Hereditary haemochromatosis- an autosomal recessive disorder which affects 1 in 400 in the population of which 10% are gene carriers. There is excessive iron depostion in various organs eventually leading to fibrosis and functional organ failure
Wilson’s Disease - a rare, recessively inherited disease resulting in decreased secretion of copper into the biliary system.
Budd-Chiari syndrome – thrombosis of the hepatic veins causes occlusion resulting in congestion within the liver which leads to hypoxic damage and necrosis of hepatocytes.
Liver tumours.
Describe the early stage symptoms of liver disease
Early stage symptoms tend to be generalised: Lethargy Anorexia Malaise Pruritus – itchy skin Right upper quadrant pain
Describe the late stage symptoms of liver disease
Peripheral swelling Abdominal bloating Bruising Vomiting of blood Confusion and somnolence
Why does liver disease have a diversity of signs
The importance of the liver in homeostasis is reflected in the diversity of signs which accompany liver disease.
What is the most common sign in liver disease
Jaundice is a common sign in liver disease. Raised bilirubin levels are clinically detectable when the concentration exceeds 40 µmol/l.

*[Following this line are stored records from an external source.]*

lemma root_reps_transversal: "root_reps \<tau> \<in> transversal_lists (orbit \<sigma>) S x (root_index \<tau> - 1)"
proof -
  let ?g = "root_index \<tau>"
  have "?g dvd k" using admissible_dvd[OF root_cycle_length(2)] .
  have "inj_on (\<lambda>i. orbit \<sigma> ((\<tau> ^^ i) x)) {0..<?g}"
  proof (rule inj_onI)
    fix i j assume ij: "i \<in> {0..<?g}" "j \<in> {0..<?g}"
      and "orbit \<sigma> ((\<tau> ^^ i) x) = orbit \<sigma> ((\<tau> ^^ j) x)"
    then have "(\<tau> ^^ j) x \<in> orbit \<sigma> ((\<tau> ^^ i) x)"
      using permutation_self_in_orbit[OF sigma_permutation] by metis
    then obtain a where "(\<tau> ^^ j) x = (\<sigma> ^^ a) ((\<tau> ^^ i) x)"
      using orbit_altdef_permutation[OF sigma_permutation] by blast
    then have "j mod (?g * l) = (k * a + i) mod (?g * l)"
      using root_funpow_eq_iff sigma_funpow_eq_root_funpow by simp
    then have "j mod ?g = (k * a + i) mod ?g"
      by (metis mod_mod_cancel dvd_triv_left)
    also have "\<dots> = i mod ?g"
      using \<open>?g dvd k\<close> mod_add_left_eq[of "k * a" ?g i] by simp
    finally show "i = j" using ij by simp
  qed
  then have "distinct (map (orbit \<sigma>) (x # root_reps \<tau>))"
    by (simp add: x_Cons_root_reps distinct_map comp_def)
  moreover have "set (root_reps \<tau>) \<subseteq> S"
    using root_funpow_in_S x_in_S by (auto simp: root_reps_def)
  moreover have "length (root_reps \<tau>) = root_index \<tau> - 1" by (simp add: root_reps_def)
  ultimately show ?thesis unfolding transversal_lists_def by blast
qed

lemma root_funpow_eq_cycle_list:
  assumes p: "p < root_index \<tau> * l"
  shows "(\<tau> ^^ p) x = cycle_list (root_index \<tau>) (root_reps \<tau>) ! p"
proof -
  let ?g = "root_index \<tau>"
  define r s where "r = p mod ?g" and "s = p div ?g"
  have g: "?g \<in> admissible" and ys: "root_reps \<tau> \<in> transversal_lists (orbit \<sigma>) S x (?g - 1)"
    using root_cycle_length(2) root_reps_transversal .
  have "r < ?g" using admissible_pos[OF g] by (simp add: r_def)
  then have "cycle_list ?g (root_reps \<tau>) ! p = (\<sigma> ^^ (k_inv ?g * s)) ((\<tau> ^^ r) x)"
    using nth_cycle_list[OF g ys p] x_Cons_root_reps by (simp add: r_def s_def)
  also have "\<dots> = (\<tau> ^^ (k * (k_inv ?g * s) + r)) x"
    by (rule sigma_funpow_eq_root_funpow)
  also have "\<dots> = (\<tau> ^^ p) x"
  proof -
    have "(k * (k_inv ?g * s) + r) mod (?g * l) = (?g * s + r) mod (?g * l)"
      using k_mult_k_inv[OF admissible_G_set[OF g], of s] by (metis mod_add_left_eq)
    then show ?thesis using root_funpow_eq_iff by (simp add: r_def s_def)
  qed
  finally show ?thesis ..
qed

lemma root_in_roots_with_cycle: "\<tau> \<in> roots_with_cycle (root_index \<tau>) (root_reps \<tau>) b"
proof -
  let ?g = "root_index \<tau>" and ?ys = "root_reps \<tau>"
  have g: "?g \<in> admissible" and ys: "?ys \<in> transversal_lists (orbit \<sigma>) S x (?g - 1)"
    using root_cycle_length(2) root_reps_transversal .
  have "\<tau> (cycle_list ?g ?ys ! p) = cycle_perm ?g ?ys (cycle_list ?g ?ys ! p)" if p: "p < ?g * l" for p
  proof -
    have "0 < ?g * l" using p by linarith
    then have "Suc p mod (?g * l) < ?g * l" by simp
    have "\<tau> (cycle_list ?g ?ys ! p) = (\<tau> ^^ Suc p) x"
      using root_funpow_eq_cycle_list[OF p] by simp
    also have "\<dots> = (\<tau> ^^ (Suc p mod (?g * l))) x"
      using root_funpow_eq_iff[of "Suc p" "Suc p mod (?g * l)"] by simp
    also have "\<dots> = cycle_list ?g ?ys ! (Suc p mod (?g * l))"
      by (rule root_funpow_eq_cycle_list) fact
    also have "\<dots> = cycle_perm ?g ?ys (cycle_list ?g ?ys ! p)"
      using funpow_cycle_perm_nth[OF g ys p, of 1] by simp
    finally show ?thesis .
  qed
  then show ?thesis
    using \<tau> by (auto simp: roots_with_cycle_def in_set_conv_nth length_cycle_list[OF g ys])
qed

end

lemma card_perm_roots_decompose:
  "card (perm_roots k S \<sigma> b) = (\<Sum>g\<in>admissible. \<Sum>ys\<in>transversal_lists (orbit \<sigma>) S x (g - 1).
     card (perm_roots k (outside_cycle g ys) (perm_restrict \<sigma> (outside_cycle g ys)) (\<not> b)))"
proof -
  let ?I = "SIGMA g:admissible. transversal_lists (orbit \<sigma>) S x (g - 1)"
  let ?A = "\<lambda>i. roots_with_cycle (fst i) (snd i) b"
  have fin: "finite ?I"
    using finite_transversal_lists[OF finite_S] by (intro finite_SigmaI) (auto simp: admissible_def)
  have "perm_roots k S \<sigma> b = \<Union> (?A ` ?I)"
  proof
    show "perm_roots k S \<sigma> b \<subseteq> \<Union> (?A ` ?I)"
    proof
      fix \<tau> assume \<tau>: "\<tau> \<in> perm_roots k S \<sigma> b"
      then have "(root_index \<tau>, root_reps \<tau>) \<in> ?I"
        using root_cycle_length(2) root_reps_transversal by blast
      with root_in_roots_with_cycle[OF \<tau>] show "\<tau> \<in> \<Union> (?A ` ?I)" by force
    qed
    show "\<Union> (?A ` ?I) \<subseteq> perm_roots k S \<sigma> b" by (auto simp: roots_with_cycle_def)
  qed
  moreover have "?A i \<inter> ?A j = {}" if "i \<in> ?I" "j \<in> ?I" "i \<noteq> j" for i j
    using that roots_with_cycle_disjoint[of "fst i" "snd i" "fst j" "snd j"] by (auto simp: prod_eq_iff)
  moreover have "finite (?A i)" for i
    using finite_perm_roots[OF finite_S] by (rule finite_subset[rotated]) (auto simp: roots_with_cycle_def)
  ultimately have "card (perm_roots k S \<sigma> b) = (\<Sum>i\<in>?I. card (?A i))"
    using fin by (simp add: card_UN_disjoint)
  also have "\<dots> = (\<Sum>i\<in>?I.
      card (perm_roots k (outside_cycle (fst i) (snd i)) (perm_restrict \<sigma> (outside_cycle (fst i) (snd i))) (\<not> b)))"
    by (intro sum.cong refl) (auto simp: card_roots_with_cycle)
  also have "\<dots> = (\<Sum>g\<in>admissible. \<Sum>ys\<in>transversal_lists (orbit \<sigma>) S x (g - 1).
     card (perm_roots k (outside_cycle g ys) (perm_restrict \<sigma> (outside_cycle g ys)) (\<not> b)))"
    using finite_transversal_lists[OF finite_S]
    by (subst sum.Sigma) (auto simp: admissible_def split_def)
  finally show ?thesis .
qed

lemma card_perm_roots_recurrence:
  assumes smaller: "\<And>(T :: 'a set) \<tau> j. uniform_cycles \<tau> T l \<Longrightarrow> card T = l * j \<Longrightarrow> j < Suc n
      \<Longrightarrow> card (perm_roots k T \<tau> (\<not> b)) = N j"
  shows "card (perm_roots k S \<sigma> b) = (\<Sum>g\<in>admissible. (\<Prod>i<g - 1. l * (n - i)) * N (Suc n - g))"
proof -
  have "card (perm_roots k (outside_cycle g ys) (perm_restrict \<sigma> (outside_cycle g ys)) (\<not> b))
      = N (Suc n - g)"
    if "g \<in> admissible" "ys \<in> transversal_lists (orbit \<sigma>) S x (g - 1)" for g ys
    using smaller[OF uniform_cycles_outside_cycle[OF that] card_outside_cycle[OF that]]
      admissible_pos[OF that(1)] by simp
  then show ?thesis
    using card_perm_roots_decompose card_transversal_orbit_lists[OF x_in_S card_S] by simp
qed

end

section \<open>A standard permutation of cycle type (l)^c\<close>

definition block_rotation :: "nat \<Rightarrow> nat \<Rightarrow> nat \<Rightarrow> nat" where
  "block_rotation l c i = (if i < l * c then l * (i div l) + Suc (i mod l) mod l else i)"

lemma block_offset_less:
  fixes q t l c :: nat
  assumes "q < c" "t < l"
  shows "l * q + t < l * c"
proof -
  have "l * Suc q \<le> l * c" using assms(1) by (intro mult_le_mono2) simp
  then show ?thesis using assms(2) by simp
qed

lemma funpow_block_rotation:
  assumes "0 < l" "i < l * c"
  shows "(block_rotation l c ^^ j) i = l * (i div l) + (i mod l + j) mod l"
proof (induction j)
  case (Suc j)
  define t where "t = (i mod l + j) mod l"
  have "i div l < c" using assms by (simp add: less_mult_imp_div_less mult.commute)
  moreover have "t < l" using assms(1) by (simp add: t_def)
  ultimately have "l * (i div l) + t < l * c" by (rule block_offset_less)
  then show ?case using Suc \<open>t < l\<close>
    by (simp add: block_rotation_def t_def mod_Suc_eq)
qed simp

lemma block_rotation_permutes:
  assumes "0 < l"
  shows "block_rotation l c permutes {..<l * c}"
proof (rule bij_imp_permutes)
  have maps: "block_rotation l c ` {..<l * c} \<subseteq> {..<l * c}"
    using assms block_offset_less[of "i div l" c "Suc (i mod l) mod l" l for i]
    by (auto simp: block_rotation_def less_mult_imp_div_less mult.commute)
  have "inj_on (block_rotation l c) {..<l * c}"
  proof (rule inj_onI)
    fix i j assume "i \<in> {..<l * c}" "j \<in> {..<l * c}" "block_rotation l c i = block_rotation l c j"
    obtain l' where l: "l = Suc l'" using assms by (cases l) auto
    have "(block_rotation l c ^^ l) i = (block_rotation l c ^^ l') (block_rotation l c i)"
      "(block_rotation l c ^^ l) j = (block_rotation l c ^^ l') (block_rotation l c j)"
      by (simp_all only: l funpow_Suc_right comp_apply)
    then have "(block_rotation l c ^^ l) i = (block_rotation l c ^^ l) j"
      using \<open>block_rotation l c i = block_rotation l c j\<close> by simp
    then show "i = j" using \<open>i \<in> _\<close> \<open>j \<in> _\<close> assms by (simp add: funpow_block_rotation)
  qed
  then show "bij_betw (block_rotation l c) {..<l * c} {..<l * c}"
    using endo_inj_surj[OF _ maps] by (simp add: bij_betw_def)
qed (simp add: block_rotation_def)

lemma orbit_block_rotation:
  assumes "0 < l" "i < l * c"
  shows "orbit (block_rotation l c) i = {l * (i div l) ..< l * (i div l) + l}"
proof -
  have "permutation (block_rotation l c)"
    using block_rotation_permutes[OF assms(1)] permutation_permutes by blast
  then have "orbit (block_rotation l c) i = {(block_rotation l c ^^ j) i | j. True}"
    by (rule orbit_altdef_permutation)
  also have "\<dots> = {l * (i div l) + (i mod l + j) mod l | j. True}"
    by (simp add: funpow_block_rotation[OF assms])
  also have "\<dots> = {l * (i div l) ..< l * (i div l) + l}"
  proof (intro set_eqI iffI)
    fix y assume "y \<in> {l * (i div l) ..< l * (i div l) + l}"
    then obtain t where t: "t < l" "y = l * (i div l) + t"
      by (metis atLeastLessThan_iff le_Suc_ex nat_add_left_cancel_less)
    have "i mod l < l" using assms(1) by simp
    then have "i mod l + (t + l - i mod l) = t + l" by simp
    then have "(i mod l + (t + l - i mod l)) mod l = t" using t(1) by simp
    then show "y \<in> {l * (i div l) + (i mod l + j) mod l | j. True}"
      using t(2) by (metis (mono_tags, lifting) mem_Collect_eq)
  qed (use assms(1) in auto)
  finally show ?thesis .
qed

lemma has_cycle_type_block_rotation:
  assumes "0 < l"
  shows "has_cycle_type (block_rotation l c) {..<l * c} l c"
proof -
  let ?block = "\<lambda>q. {l * q ..< l * q + l}"
  have "{orbit (block_rotation l c) i | i. i \<in> {..<l * c}} = ?block ` {..<c}"
  proof (intro set_eqI iffI)
    fix Y assume "Y \<in> {orbit (block_rotation l c) i | i. i \<in> {..<l * c}}"
    then obtain i where "i < l * c" "Y = ?block (i div l)"
      using orbit_block_rotation[OF assms] by auto
    moreover have "i div l < c" using \<open>i < l * c\<close> by (simp add: less_mult_imp_div_less mult.commute)
    ultimately show "Y \<in> ?block ` {..<c}" by blast
  next
    fix Y assume "Y \<in> ?block ` {..<c}"
    then obtain q where "q < c" "Y = ?block q" by auto
    moreover have "l * q < l * c" using \<open>q < c\<close> assms by simp
    moreover have "orbit (block_rotation l c) (l * q) = ?block q"
      using orbit_block_rotation[OF assms \<open>l * q < l * c\<close>] assms by simp
    ultimately show "Y \<in> {orbit (block_rotation l c) i | i. i \<in> {..<l * c}}" by auto
  qed
  moreover have "inj_on ?block {..<c}"
  proof (rule inj_onI)
    fix q q' assume eq: "?block q = ?block q'"
    have "l * q \<in> ?block q'" unfolding eq[symmetric] using assms by simp
    moreover have "l * q' \<in> ?block q" unfolding eq using assms by simp
    ultimately show "q = q'" using assms by simp
  qed
  ultimately show ?thesis
    using block_rotation_permutes[OF assms] orbit_block_rotation[OF assms]
    by (simp add: has_cycle_type_def card_image)
qed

Describe the signs of liver disease associated with its reduced capacity to metabolise oestrogens
spider naevi – telangiectases consist of a central arteriole with radiating small vessels, found in the distribution of the superior vena cava.
loss of body hair
gynaecomastia - enlargement of the male breast with firm tissue extending concentrically beyond the nipple.
testicular atrophy
palmar erythema - ‘liver palms’ - reddening of palms at the thenar and hypothenar eminences – a non-specific change of hyperdynamic circulation
Describe Xanthelasma
Xanthelasma - sharply demarcated yellowish deposit of cholesterol underneath the skin, usually on or around the eyelids
Describe caput medusa
Caput medusa indicates severe portal hypertension.
It describes the appearance of distended and engorged paraumbilical veins, which are seen radiating from the umbilicus across the abdomen to join the systemic veins.
Caput medusa is latin for “head of Medusa”, from the apparent similarity to Medusa’s head, which had venomous snakes in place of hair.
List some signs of chronic liver dysfunction
clubbed nails, xanthelasma, pruritus (itchy skin causes scratch marks) , ascites, dilated abdominal veins, hepatomegaly, caput medusa, oedema and weight loss, loss of musculature
also bruising
What is Dupuytren’s contracture
May be a sign of alcoholic liver disease
Describe some other signs of chronic liver dysfunction
Hepatic encephalopathy – disorientation, drowsy, coma, due to accumulation of toxins, primarily derived from the gut, is thought to inducecerebral oedema and changes in the level of consciousness and eventually coma
Fetor Hepaticus – distinctive musty sweet breath odour in severe liver disease.